Aim of the task: Would you transcribe the records word for word, please?

Material shown:
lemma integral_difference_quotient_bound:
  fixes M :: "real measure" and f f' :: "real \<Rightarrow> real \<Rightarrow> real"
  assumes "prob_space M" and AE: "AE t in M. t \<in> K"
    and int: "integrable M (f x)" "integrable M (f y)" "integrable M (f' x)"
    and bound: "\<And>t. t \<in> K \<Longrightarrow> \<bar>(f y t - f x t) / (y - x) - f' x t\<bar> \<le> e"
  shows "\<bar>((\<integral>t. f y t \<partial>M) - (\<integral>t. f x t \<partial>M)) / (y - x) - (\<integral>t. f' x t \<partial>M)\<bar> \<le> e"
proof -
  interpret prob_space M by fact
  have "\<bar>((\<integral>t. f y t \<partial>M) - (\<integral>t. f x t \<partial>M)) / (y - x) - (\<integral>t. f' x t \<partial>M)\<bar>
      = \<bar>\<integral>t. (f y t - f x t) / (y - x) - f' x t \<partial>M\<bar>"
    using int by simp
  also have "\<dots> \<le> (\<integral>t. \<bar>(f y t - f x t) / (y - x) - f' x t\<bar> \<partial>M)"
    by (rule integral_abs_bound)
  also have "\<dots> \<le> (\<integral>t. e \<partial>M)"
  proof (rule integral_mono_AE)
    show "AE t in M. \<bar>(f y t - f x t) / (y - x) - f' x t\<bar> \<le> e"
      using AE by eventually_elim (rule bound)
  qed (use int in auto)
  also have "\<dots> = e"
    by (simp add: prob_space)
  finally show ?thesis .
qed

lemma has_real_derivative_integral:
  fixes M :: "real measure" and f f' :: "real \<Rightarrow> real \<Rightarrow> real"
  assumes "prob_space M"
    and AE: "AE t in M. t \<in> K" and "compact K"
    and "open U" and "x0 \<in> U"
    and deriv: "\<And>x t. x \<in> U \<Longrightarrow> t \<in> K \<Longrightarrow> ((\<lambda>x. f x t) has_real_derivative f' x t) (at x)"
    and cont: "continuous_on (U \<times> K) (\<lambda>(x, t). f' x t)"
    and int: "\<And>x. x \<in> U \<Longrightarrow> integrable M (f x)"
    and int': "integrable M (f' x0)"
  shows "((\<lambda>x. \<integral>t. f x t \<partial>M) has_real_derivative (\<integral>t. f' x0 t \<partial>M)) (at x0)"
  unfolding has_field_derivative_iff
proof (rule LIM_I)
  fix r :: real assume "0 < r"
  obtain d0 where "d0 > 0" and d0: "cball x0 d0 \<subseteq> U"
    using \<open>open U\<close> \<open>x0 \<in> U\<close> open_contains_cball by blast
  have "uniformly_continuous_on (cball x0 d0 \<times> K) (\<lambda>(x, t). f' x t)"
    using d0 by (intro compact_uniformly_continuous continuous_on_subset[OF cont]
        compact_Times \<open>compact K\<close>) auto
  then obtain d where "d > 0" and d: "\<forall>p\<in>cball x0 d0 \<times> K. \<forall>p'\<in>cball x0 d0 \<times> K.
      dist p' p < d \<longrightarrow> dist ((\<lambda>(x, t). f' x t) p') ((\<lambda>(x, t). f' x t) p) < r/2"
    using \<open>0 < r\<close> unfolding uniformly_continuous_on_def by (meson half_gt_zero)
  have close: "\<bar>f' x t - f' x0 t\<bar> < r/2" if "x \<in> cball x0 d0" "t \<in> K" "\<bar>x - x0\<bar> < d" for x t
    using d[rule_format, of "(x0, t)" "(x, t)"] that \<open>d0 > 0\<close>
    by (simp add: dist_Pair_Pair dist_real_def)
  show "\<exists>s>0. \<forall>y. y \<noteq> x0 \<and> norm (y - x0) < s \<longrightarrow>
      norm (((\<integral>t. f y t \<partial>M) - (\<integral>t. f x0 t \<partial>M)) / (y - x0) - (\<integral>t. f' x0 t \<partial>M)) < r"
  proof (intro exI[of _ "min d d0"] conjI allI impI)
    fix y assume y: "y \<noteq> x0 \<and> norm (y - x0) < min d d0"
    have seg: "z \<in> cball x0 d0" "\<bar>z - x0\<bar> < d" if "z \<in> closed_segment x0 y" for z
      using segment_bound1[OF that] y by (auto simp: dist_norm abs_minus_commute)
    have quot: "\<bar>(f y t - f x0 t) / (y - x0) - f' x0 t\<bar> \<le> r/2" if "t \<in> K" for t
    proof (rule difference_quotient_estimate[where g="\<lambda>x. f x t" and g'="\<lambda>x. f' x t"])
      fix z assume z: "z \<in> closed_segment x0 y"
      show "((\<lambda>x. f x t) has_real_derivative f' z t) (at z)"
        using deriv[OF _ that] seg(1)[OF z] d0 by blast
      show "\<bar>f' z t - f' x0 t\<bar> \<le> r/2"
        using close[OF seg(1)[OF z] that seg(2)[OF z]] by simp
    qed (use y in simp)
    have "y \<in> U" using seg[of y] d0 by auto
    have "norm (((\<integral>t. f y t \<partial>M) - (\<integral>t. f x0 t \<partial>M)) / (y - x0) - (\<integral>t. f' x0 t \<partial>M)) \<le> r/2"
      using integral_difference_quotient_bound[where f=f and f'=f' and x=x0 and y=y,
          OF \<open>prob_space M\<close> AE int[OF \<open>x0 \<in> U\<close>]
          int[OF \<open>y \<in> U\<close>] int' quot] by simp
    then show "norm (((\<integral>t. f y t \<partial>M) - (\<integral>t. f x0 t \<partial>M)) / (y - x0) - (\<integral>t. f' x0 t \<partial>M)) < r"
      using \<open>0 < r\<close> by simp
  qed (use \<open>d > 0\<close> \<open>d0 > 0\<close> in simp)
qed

Exercise output:
lemma integral_difference_quotient_bound:
  fixes M :: "real measure" and f f' :: "real \<Rightarrow> real \<Rightarrow> real"
  assumes "prob_space M" and AE: "AE t in M. t \<in> K"
    and int: "integrable M (f x)" "integrable M (f y)" "integrable M (f' x)"
    and bound: "\<And>t. t \<in> K \<Longrightarrow> \<bar>(f y t - f x t) / (y - x) - f' x t\<bar> \<le> e"
  shows "\<bar>((\<integral>t. f y t \<partial>M) - (\<integral>t. f x t \<partial>M)) / (y - x) - (\<integral>t. f' x t \<partial>M)\<bar> \<le> e"
proof -
  interpret prob_space M by fact
  have "\<bar>((\<integral>t. f y t \<partial>M) - (\<integral>t. f x t \<partial>M)) / (y - x) - (\<integral>t. f' x t \<partial>M)\<bar>
      = \<bar>\<integral>t. (f y t - f x t) / (y - x) - f' x t \<partial>M\<bar>"
    using int by simp
  also have "\<dots> \<le> (\<integral>t. \<bar>(f y t - f x t) / (y - x) - f' x t\<bar> \<partial>M)"
    by (rule integral_abs_bound)
  also have "\<dots> \<le> (\<integral>t. e \<partial>M)"
  proof (rule integral_mono_AE)
    show "AE t in M. \<bar>(f y t - f x t) / (y - x) - f' x t\<bar> \<le> e"
      using AE by eventually_elim (rule bound)
  qed (use int in auto)
  also have "\<dots> = e"
    by (simp add: prob_space)
  finally show ?thesis .
qed

lemma has_real_derivative_integral:
  fixes M :: "real measure" and f f' :: "real \<Rightarrow> real \<Rightarrow> real"
  assumes "prob_space M"
    and AE: "AE t in M. t \<in> K" and "compact K"
    and "open U" and "x0 \<in> U"
    and deriv: "\<And>x t. x \<in> U \<Longrightarrow> t \<in> K \<Longrightarrow> ((\<lambda>x. f x t) has_real_derivative f' x t) (at x)"
    and cont: "continuous_on (U \<times> K) (\<lambda>(x, t). f' x t)"
    and int: "\<And>x. x \<in> U \<Longrightarrow> integrable M (f x)"
    and int': "integrable M (f' x0)"
  shows "((\<lambda>x. \<integral>t. f x t \<partial>M) has_real_derivative (\<integral>t. f' x0 t \<partial>M)) (at x0)"
  unfolding has_field_derivative_iff
proof (rule LIM_I)
  fix r :: real assume "0 < r"
  obtain d0 where "d0 > 0" and d0: "cball x0 d0 \<subseteq> U"
    using \<open>open U\<close> \<open>x0 \<in> U\<close> open_contains_cball by blast
  have "uniformly_continuous_on (cball x0 d0 \<times> K) (\<lambda>(x, t). f' x t)"
    using d0 by (intro compact_uniformly_continuous continuous_on_subset[OF cont]
        compact_Times \<open>compact K\<close>) auto
  then obtain d where "d > 0" and d: "\<forall>p\<in>cball x0 d0 \<times> K. \<forall>p'\<in>cball x0 d0 \<times> K.
      dist p' p < d \<longrightarrow> dist ((\<lambda>(x, t). f' x t) p') ((\<lambda>(x, t). f' x t) p) < r/2"
    using \<open>0 < r\<close> unfolding uniformly_continuous_on_def by (meson half_gt_zero)
  have close: "\<bar>f' x t - f' x0 t\<bar> < r/2" if "x \<in> cball x0 d0" "t \<in> K" "\<bar>x - x0\<bar> < d" for x t
    using d[rule_format, of "(x0, t)" "(x, t)"] that \<open>d0 > 0\<close>
    by (simp add: dist_Pair_Pair dist_real_def)
  show "\<exists>s>0. \<forall>y. y \<noteq> x0 \<and> norm (y - x0) < s \<longrightarrow>
      norm (((\<integral>t. f y t \<partial>M) - (\<integral>t. f x0 t \<partial>M)) / (y - x0) - (\<integral>t. f' x0 t \<partial>M)) < r"
  proof (intro exI[of _ "min d d0"] conjI allI impI)
    fix y assume y: "y \<noteq> x0 \<and> norm (y - x0) < min d d0"
    have seg: "z \<in> cball x0 d0" "\<bar>z - x0\<bar> < d" if "z \<in> closed_segment x0 y" for z
      using segment_bound1[OF that] y by (auto simp: dist_norm abs_minus_commute)
    have quot: "\<bar>(f y t - f x0 t) / (y - x0) - f' x0 t\<bar> \<le> r/2" if "t \<in> K" for t
    proof (rule difference_quotient_estimate[where g="\<lambda>x. f x t" and g'="\<lambda>x. f' x t"])
      fix z assume z: "z \<in> closed_segment x0 y"
      show "((\<lambda>x. f x t) has_real_derivative f' z t) (at z)"
        using deriv[OF _ that] seg(1)[OF z] d0 by blast
      show "\<bar>f' z t - f' x0 t\<bar> \<le> r/2"
        using close[OF seg(1)[OF z] that seg(2)[OF z]] by simp
    qed (use y in simp)
    have "y \<in> U" using seg[of y] d0 by auto
    have "norm (((\<integral>t. f y t \<partial>M) - (\<integral>t. f x0 t \<partial>M)) / (y - x0) - (\<integral>t. f' x0 t \<partial>M)) \<le> r/2"
      using integral_difference_quotient_bound[where f=f and f'=f' and x=x0 and y=y,
          OF \<open>prob_space M\<close> AE int[OF \<open>x0 \<in> U\<close>]
          int[OF \<open>y \<in> U\<close>] int' quot] by simp
    then show "norm (((\<integral>t. f y t \<partial>M) - (\<integral>t. f x0 t \<partial>M)) / (y - x0) - (\<integral>t. f' x0 t \<partial>M)) < r"
      using \<open>0 < r\<close> by simp
  qed (use \<open>d > 0\<close> \<open>d0 > 0\<close> in simp)
qed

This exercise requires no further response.